Assigned task:
Starting at the first line of the data below, retype every line up to and including the one containing "unbundle cardinal_syntax".
....
(* Let $\mathcal C$ be the smallest set of completely characterizable cardinals that contains $\aleph_0$ and is closed under successors ($\kappa\in\mathcal C\Rightarrow\kappa^+\in\mathcal C$), countable unions (if $\kappa_n\in\mathcal C$ for $n\in\omega$ then $\sup_n\kappa_n\in\mathcal C$), countable products (if $\kappa_n\in\mathcal C$ for $n\in\omega$ then $\prod_n\kappa_n\in\mathcal C$) and powerset ($\kappa\in\mathcal C\Rightarrow 2^\kappa\in\mathcal C$). Then $\mathcal C$ is closed under powers: if $\kappa,\mu\in\mathcal C$ then $\kappa^{\mu}\in\mathcal C$.
   Context: All languages are countable; $L_{\omega_1,\omega}$ allows countable conjunctions/disjunctions and finite quantification. A sentence $\sigma\in L_{\omega_1,\omega}$ is complete if for every $L_{\omega_1,\omega}$-sentence $\tau$, either $\sigma\Rightarrow\tau$ or $\sigma\Rightarrow\neg\tau$ is valid. An infinite cardinal $\mu$ is completely characterizable if there is a complete $L_{\omega_1,\omega}$-sentence with models in all infinite cardinalities $\le\mu$ and no model of cardinality $\mu^+$. *)

theory Defs
  imports Main "HOL-Library.Equipollence" "HOL-Library.FuncSet"
begin

text \<open>
  Cardinals are represented by sets (a set A stands for its cardinality),
  all taken as subsets of a fixed ambient type 'a; membership is invariant
  under equipollence.
\<close>

inductive_set CC :: "'a set set" where
  aleph0: "B \<approx> (UNIV :: nat set) \<Longrightarrow> B \<in> CC"
| succ: "A \<in> CC \<Longrightarrow> (card_of B, cardSuc (card_of (A :: 'a set))) \<in> ordIso \<Longrightarrow> B \<in> CC"
| sup: "(\<And>n. (A :: nat \<Rightarrow> 'a set) n \<in> CC) \<Longrightarrow> (\<And>n. A n \<lesssim> B)
        \<Longrightarrow> (\<And>X :: 'a set. (\<forall>n. A n \<lesssim> X) \<Longrightarrow> B \<lesssim> X) \<Longrightarrow> B \<in> CC"
| prod: "(\<And>n. (A :: nat \<Rightarrow> 'a set) n \<in> CC) \<Longrightarrow> B \<approx> Pi\<^sub>E (UNIV :: nat set) A \<Longrightarrow> B \<in> CC"
| pow: "A \<in> CC \<Longrightarrow> B \<approx> Pow A \<Longrightarrow> B \<in> CC"

end

theory Submission
  imports Defs
begin

unbundle cardinal_syntax

text \<open>Induct on \<open>K \<in> CC\<close> with \<open>M\<close> fixed, computing \<open>K\<^sup>M\<close> from powers already known to
  lie in \<open>CC\<close>. If \<open>K \<le> 2\<^sup>M\<close> then \<open>K\<^sup>M = 2\<^sup>M\<close>; this covers \<open>\<aleph>\<^sub>0\<close> and the successor and
  powerset steps whenever the new cardinal is small compared with \<open>M\<close>. Otherwise, for
  \<open>K = \<lambda>\<^sup>+\<close> with \<open>M \<le> \<lambda>\<close> Hausdorff's formula gives \<open>K\<^sup>M = max K (\<lambda>\<^sup>M)\<close>; for \<open>K = 2\<^sup>\<lambda>\<close>
  with \<open>M \<le> \<lambda>\<close> we get \<open>K\<^sup>M = 2\<^bsup>\<lambda>\<cdot>M\<^esup> = K\<close>; for \<open>K = \<Prod>\<^sub>n \<kappa>\<^sub>n\<close> we have \<open>K\<^sup>M = \<Prod>\<^sub>n \<kappa>\<^sub>n\<^sup>M\<close>; and for
  \<open>K = sup\<^sub>n \<kappa>\<^sub>n\<close> the bounds \<open>K \<le> \<Prod>\<^sub>n \<kappa>\<^sub>n\<close> and \<open>(K\<^sup>M)\<^bsup>\<aleph>\<^sub>0\<^esup> = K\<^sup>M\<close> squeeze \<open>K\<^sup>M\<close> to
  \<open>\<Prod>\<^sub>n \<kappa>\<^sub>n\<^sup>M\<close> as well.\<close>

lemma lepoll_iff_card_of_ordLeq: "A \<lesssim> B \<longleftrightarrow> |A| \<le>o |B|"
  unfolding lepoll_def card_of_ordLeq[symmetric] by auto

lemma lepoll_total: "A \<lesssim> B \<or> B \<lesssim> A"
  using ordLeq_total[OF card_of_Well_order card_of_Well_order, of A B]
  by (simp add: lepoll_iff_card_of_ordLeq)

lemma lepoll_infinite: "A \<lesssim> B \<Longrightarrow> infinite A \<Longrightarrow> infinite B"
  by (metis infinite_le_lepoll lepoll_trans)

lemma ex_eqpoll_if_lepoll: "X \<lesssim> (B :: 'a set) \<Longrightarrow> \<exists>C :: 'a set. C \<approx> X"
  unfolding lepoll_def by (metis inj_on_image_eqpoll_self)

lemma Times_eqpoll_infinite:
  assumes "infinite A" "B \<lesssim> A" "B \<noteq> {}"
  shows "A \<times> B \<approx> A" and "B \<times> A \<approx> A"
  using card_of_Times_infinite[OF assms(1,3)] assms(2)
  by (simp_all add: eqpoll_iff_card_of_ordIso lepoll_iff_card_of_ordLeq)

lemma Func_eq_PiE: "Func A B = A \<rightarrow>\<^sub>E B"
  by (auto simp: Func_def PiE_def extensional_def)

lemma Pow_eqpoll_funcset_bool: "Pow A \<approx> A \<rightarrow>\<^sub>E (UNIV :: bool set)"
  using card_of_Pow_Func by (simp add: eqpoll_iff_card_of_ordIso Func_eq_PiE)

lemma funcset_Times_eqpoll: "A \<times> B \<rightarrow>\<^sub>E C \<approx> A \<rightarrow>\<^sub>E (B \<rightarrow>\<^sub>E C)"
  using card_of_Func_Times by (simp add: eqpoll_iff_card_of_ordIso Func_eq_PiE)

lemma funcset_eqpoll_cong:
  assumes A: "A \<approx> A'" and B: "B \<approx> B'"
  shows "A \<rightarrow>\<^sub>E B \<approx> A' \<rightarrow>\<^sub>E B'"
proof (cases "B = {}")
  case True
  then have "B' = {}" using eqpoll_sym[OF B] by simp
  have "A = {} \<longleftrightarrow> A' = {}" using A eqpoll_sym[OF A] by auto
  show ?thesis
  proof (cases "A = {}")
    case False
    then obtain a a' where "a \<in> A" "a' \<in> A'" using \<open>A = {} \<longleftrightarrow> A' = {}\<close> by blast
    then show ?thesis using \<open>B = {}\<close> \<open>B' = {}\<close> by simp
  qed (use \<open>A = {} \<longleftrightarrow> A' = {}\<close> in \<open>simp add: singleton_eqpoll\<close>)
next
  case False
  then have "B' \<noteq> {}" using B by auto
  show ?thesis
  proof (rule lepoll_antisym)
    show "A \<rightarrow>\<^sub>E B \<lesssim> A' \<rightarrow>\<^sub>E B'"
      using False A B by (simp add: eqpoll_imp_lepoll lepoll_funcset)
    show "A' \<rightarrow>\<^sub>E B' \<lesssim> A \<rightarrow>\<^sub>E B"
      using \<open>B' \<noteq> {}\<close> A B by (simp add: eqpoll_imp_lepoll eqpoll_sym lepoll_funcset)
  qed
qed

lemma PiE_eqpoll_cong: "(\<And>i. i \<in> I \<Longrightarrow> A i \<approx> C i) \<Longrightarrow> Pi\<^sub>E I A \<approx> Pi\<^sub>E I C"
  by (intro lepoll_antisym lepoll_PiE) (simp_all add: eqpoll_imp_lepoll eqpoll_sym)

lemma funcset_PiE_eqpoll: "A \<rightarrow>\<^sub>E Pi\<^sub>E I B \<approx> Pi\<^sub>E I (\<lambda>i. A \<rightarrow>\<^sub>E B i)"
  unfolding eqpoll_def
proof
  show "bij_betw (\<lambda>f. \<lambda>i\<in>I. \<lambda>a\<in>A. f a i) (A \<rightarrow>\<^sub>E Pi\<^sub>E I B) (Pi\<^sub>E I (\<lambda>i. A \<rightarrow>\<^sub>E B i))"
    by (rule bij_betw_byWitness[where f' = "\<lambda>g. \<lambda>a\<in>A. \<lambda>i\<in>I. g i a"])
       (auto simp: PiE_iff extensional_def fun_eq_iff)
qed

lemma Pow_lepoll_mono: "A \<lesssim> B \<Longrightarrow> Pow A \<lesssim> Pow B"
  unfolding lepoll_def by (meson image_Pow_mono inj_on_image_Pow)

lemma lepoll_funcset_const:
  assumes "A \<noteq> {}" shows "B \<lesssim> A \<rightarrow>\<^sub>E B"
  unfolding lepoll_def
proof (intro exI conjI)
  obtain a where a: "a \<in> A" using assms by blast
  show "inj_on (\<lambda>b. \<lambda>x\<in>A. b) B"
    by (rule inj_onI) (metis a restrict_apply')
  show "(\<lambda>b. \<lambda>x\<in>A. b) ` B \<subseteq> A \<rightarrow>\<^sub>E B" by auto
qed
(* Let $\overleftarrow\sigma=(\sigma_n:\mathcal A_{n+1}^*\to\mathcal A_n^* )_{n\ge0}$ be an everywhere growing directive sequence and $\overleftarrow v=(\vec v_n)_{n\ge0}$ a vector tower over $\overleftarrow\sigma$. For each $k\ge0$ let $\mu_k=\mathfrak m_k(\overleftarrow v\dagger_k)\in\mathcal M(X_k)$. Then $\sigma_k^{\mathcal M}(\mu_{k+1})=\mu_k$ for all $k\ge0$, i.e. $(\mu_k)_{k\ge0}$ is a measure tower on $\overleftarrow\sigma$.
   Context: Directive sequence: non-erasing monoid morphisms $\sigma_n:\mathcal A_{n+1}^*\to\mathcal A_n^*$ over finite alphabets; $\sigma_{[n,m)}=\sigma_n\circ\cdots\circ\sigma_{m-1}$; everywhere growing means $\min_{a\in\mathcal A_n}|\sigma_{[0,n)}(a)|\to\infty$. The truncated sequence $\overleftarrow\sigma\dagger_k=(\sigma_n)_{n\ge k}$; the level subshift $X_k\subseteq\mathcal A_k^{\mathbb Z}$ is the subshift generated by $\overleftarrow\sigma\dagger_k$, i.e. all $\mathbf x$ whose finite factors are factors of some $\sigma_{[k,n)}(a)$, $n>k$, $a\in\mathcal A_n$. $M(\sigma)=(|\sigma(a)|_b)_{b,a}$ is the incidence matrix. A vector tower is $(\vec v_n)$, $\vec v_n\in\mathbb R_{\ge0}^{\mathcal A_n}$, with $\vec v_n=M(\sigma_n)\vec v_{n+1}$; its truncation is $\overleftarrow v\dagger_k=(\vec v_n)_{n\ge k}$, a vector tower over $\overleftarrow\sigma\dagger_k$. The evaluation $\mathfrak m_k(\overleftarrow v\dagger_k)$ is the invariant measure $\mu$ on $X_k$ with $\mu([w])=\lim_{n\to\infty}\sum_{a\in\mathcal A_n}\vec v_n(a)|\sigma_{[k,n)}(a)|_w$ for $w\in\mathcal A_k^*$ ($|u|_w$ = number of possibly overlapping occurrences; $[w]=\{\mathbf x:\mathbf x_{[1,|w|]}=w\}$). $\mathcal M(Y)$ = finite shift-invariant Borel measures supported in $Y$. A measure tower on $\overleftarrow\sigma$ is a sequence $\mu_n\in\mathcal M(\mathcal A_n^{\mathbb Z})$ with $\mu_n=\sigma_n^{\mathcal M}(\mu_{n+1})$ for all $n$. Measure transfer for non-erasing $\sigma:\mathcal A^*\to\mathcal B^*$: with $\mathcal A_\sigma=\{a(k):1\le k\le|\sigma(a)|\}$, $\pi_\sigma(a)=a(1)\cdots a(|\sigma(a)|)$, $\alpha_\sigma(a(k))=$ $k$-th letter of $\sigma(a)$, and $\widehat w$ the shortest word in $\mathcal A^*$ whose $\pi_\sigma$-image contains $w\in\mathcal A_\sigma^*$ (with $\mu([\widehat w]):=0$ if none), $\sigma^{\mathcal M}(\mu)([w'])=\sum_{\alpha_\sigma(w)=w'}\mu([\widehat w])$. *)

theory Defs
  imports Complex_Main
begin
....
Exercise result:
(* Let $\mathcal C$ be the smallest set of completely characterizable cardinals that contains $\aleph_0$ and is closed under successors ($\kappa\in\mathcal C\Rightarrow\kappa^+\in\mathcal C$), countable unions (if $\kappa_n\in\mathcal C$ for $n\in\omega$ then $\sup_n\kappa_n\in\mathcal C$), countable products (if $\kappa_n\in\mathcal C$ for $n\in\omega$ then $\prod_n\kappa_n\in\mathcal C$) and powerset ($\kappa\in\mathcal C\Rightarrow 2^\kappa\in\mathcal C$). Then $\mathcal C$ is closed under powers: if $\kappa,\mu\in\mathcal C$ then $\kappa^{\mu}\in\mathcal C$.
   Context: All languages are countable; $L_{\omega_1,\omega}$ allows countable conjunctions/disjunctions and finite quantification. A sentence $\sigma\in L_{\omega_1,\omega}$ is complete if for every $L_{\omega_1,\omega}$-sentence $\tau$, either $\sigma\Rightarrow\tau$ or $\sigma\Rightarrow\neg\tau$ is valid. An infinite cardinal $\mu$ is completely characterizable if there is a complete $L_{\omega_1,\omega}$-sentence with models in all infinite cardinalities $\le\mu$ and no model of cardinality $\mu^+$. *)

theory Defs
  imports Main "HOL-Library.Equipollence" "HOL-Library.FuncSet"
begin

text \<open>
  Cardinals are represented by sets (a set A stands for its cardinality),
  all taken as subsets of a fixed ambient type 'a; membership is invariant
  under equipollence.
\<close>

inductive_set CC :: "'a set set" where
  aleph0: "B \<approx> (UNIV :: nat set) \<Longrightarrow> B \<in> CC"
| succ: "A \<in> CC \<Longrightarrow> (card_of B, cardSuc (card_of (A :: 'a set))) \<in> ordIso \<Longrightarrow> B \<in> CC"
| sup: "(\<And>n. (A :: nat \<Rightarrow> 'a set) n \<in> CC) \<Longrightarrow> (\<And>n. A n \<lesssim> B)
        \<Longrightarrow> (\<And>X :: 'a set. (\<forall>n. A n \<lesssim> X) \<Longrightarrow> B \<lesssim> X) \<Longrightarrow> B \<in> CC"
| prod: "(\<And>n. (A :: nat \<Rightarrow> 'a set) n \<in> CC) \<Longrightarrow> B \<approx> Pi\<^sub>E (UNIV :: nat set) A \<Longrightarrow> B \<in> CC"
| pow: "A \<in> CC \<Longrightarrow> B \<approx> Pow A \<Longrightarrow> B \<in> CC"

end

theory Submission
  imports Defs
begin

unbundle cardinal_syntax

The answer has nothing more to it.